The government has indicated its support for the reconciliation process. It has indicated its support for consultation in relation to the document of reconciliation. All of that commitment was greeted, when we had resolutions in this parliament, by the opposition saying, `Yes, we accept the generality of your support for these matters but, in relation to specific areas, we do not think you have gone far enough.' In other words, what the opposition was seeking to do was to distinguish itself by setting out areas of difference. In other words, it was seeking to divide. Of course, the Prime Minister saw it as being important to indicate, in line with advice that he had been receiving from the Council for Aboriginal Reconciliation—a council that the member for Banks is a member of, and where he would know that there had been caution expressed time and time again about whether reconciliation could be achieved, and where there had been caution expressed in relation to a number of issues in which it was considered that it was not possible to set down, at this point in time, definitive views that would necessarily achieve a broad consensus within the Australian community—the council itself was setting out that these matters were `unfinished business'.
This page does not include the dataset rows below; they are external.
lemma hexagon_disc_cosh_pos:
  fixes a b c :: real
  assumes "b > 0" "c > 0"
  shows "hexagon_disc (cosh a) (cosh b) (cosh c) > 0"
proof -
  have "((cosh a + cosh b * cosh c) / (sinh b * sinh c))\<^sup>2 > 1"
    using hexagon_cosh_side_gt_1[OF assms] by (simp add: one_less_power)
  then have "hexagon_disc (cosh a) (cosh b) (cosh c) / (sinh b * sinh c)\<^sup>2 > 0"
    unfolding hexagon_cosh_side_sq_minus_1[OF assms, symmetric] by simp
  then show ?thesis by (simp add: zero_less_divide_iff)
qed

lemma hexagon_side_has_derivative:
  fixes ga gb gc :: "'a::real_normed_vector \<Rightarrow> real"
  assumes "(ga has_derivative ga') (at x)" "(gb has_derivative gb') (at x)"
    "(gc has_derivative gc') (at x)"
    and "gb x > 0" "gc x > 0"
  defines "A \<equiv> cosh (ga x)" and "B \<equiv> cosh (gb x)" and "C \<equiv> cosh (gc x)"
  shows "((\<lambda>x. hexagon_side (ga x) (gb x) (gc x)) has_derivative
     (\<lambda>h. (sinh (ga x) * ga' h - (C + A * B) / sinh (gb x) * gb' h
           - (B + A * C) / sinh (gc x) * gc' h) / sqrt (hexagon_disc A B C))) (at x)"
proof -
  have cosh': "(cosh has_real_derivative sinh y) (at y)"
    and sinh': "(sinh has_real_derivative cosh y) (at y)" for y :: real
    by (auto intro!: derivative_eq_intros)
  define q where "q y = (cosh (ga y) + cosh (gb y) * cosh (gc y)) / (sinh (gb y) * sinh (gc y))" for y
  define u where "u = sqrt (hexagon_disc A B C)"
  define sb sc where "sb = sinh (gb x)" and "sc = sinh (gc x)"
  have "sb > 0" "sc > 0" using assms(4,5) by (simp_all add: sb_def sc_def)
  have "u > 0" unfolding u_def A_def B_def C_def using hexagon_disc_cosh_pos[OF assms(4,5)] by simp
  have "B\<^sup>2 = 1 + sb\<^sup>2" "C\<^sup>2 = 1 + sc\<^sup>2"
    unfolding B_def C_def sb_def sc_def by (simp_all add: cosh_square_eq)
  have "q x > 1" unfolding q_def using hexagon_cosh_side_gt_1 assms(4,5) .
  have sqrt_q: "sqrt ((q x)\<^sup>2 - 1) = u / (sb * sc)"
    using \<open>sb > 0\<close> \<open>sc > 0\<close> unfolding q_def hexagon_cosh_side_sq_minus_1[OF assms(4,5)]
    by (simp add: u_def A_def B_def C_def sb_def sc_def real_sqrt_divide)
  have dq: "(q has_derivative
      (\<lambda>h. (sinh (ga x) * ga' h - (C + A * B) / sb * gb' h - (B + A * C) / sc * gc' h) / (sb * sc))) (at x)"
    unfolding q_def
    apply (rule has_derivative_eq_rhs)
     apply (rule has_derivative_divide has_derivative_add has_derivative_mult assms(1-3)
        DERIV_compose_FDERIV[OF cosh'] DERIV_compose_FDERIV[OF sinh'])+
    using \<open>sb > 0\<close> \<open>sc > 0\<close> \<open>B\<^sup>2 = 1 + sb\<^sup>2\<close> \<open>C\<^sup>2 = 1 + sc\<^sup>2\<close>
    unfolding A_def[symmetric] B_def[symmetric] C_def[symmetric] sb_def[symmetric] sc_def[symmetric]
    by (simp_all add: fun_eq_iff field_simps) algebra
  show ?thesis
    unfolding hexagon_side_def q_def[symmetric] u_def[symmetric] sb_def[symmetric] sc_def[symmetric]
    by (rule has_derivative_eq_rhs[OF DERIV_compose_FDERIV[OF arcosh_real_has_field_derivative dq]])
      (use \<open>q x > 1\<close> \<open>sb > 0\<close> \<open>sc > 0\<close> \<open>u > 0\<close> in \<open>simp_all add: sqrt_q fun_eq_iff field_simps\<close>)
qed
In that context, when the Prime Minister was informed that there are issues where the council itself does not believe that it will be able to produce a final document which will be definitive on all issues, which will achieve `reconciliation of all Australians', the Prime Minister was condemned for simply putting on the public record his recognition that reconciliation will not be magically achieved by a particular document put down on a particular date. We remain committed to working for reconciliation. But when reconciliation has to be about a meeting of minds of the whole Australian community, if you are going to bring all the Australian people on board you need to do so in a way which is unifying and which recognises some of the difficulties that you are going to have in bringing on board all the Australian people.

But the government does support the aims of the Council for Aboriginal Reconciliation. We acknowledge and respect our indigenous people and the way in which they have worked constructively in relation to these issues, and we are appreciative of all the others who take a genuine interest in these matters and want to work positively to see a resolution of them. We are committed to working in partnerships with other government organisations, with business, with peak organisations and with community organisations to achieve a genuine outcome from this process of reconciliation. The Prime Minister has indicated to the council that we will look at ways and means of supporting an ongoing process which the council itself believes will be necessary after it has completed its document of reconciliation.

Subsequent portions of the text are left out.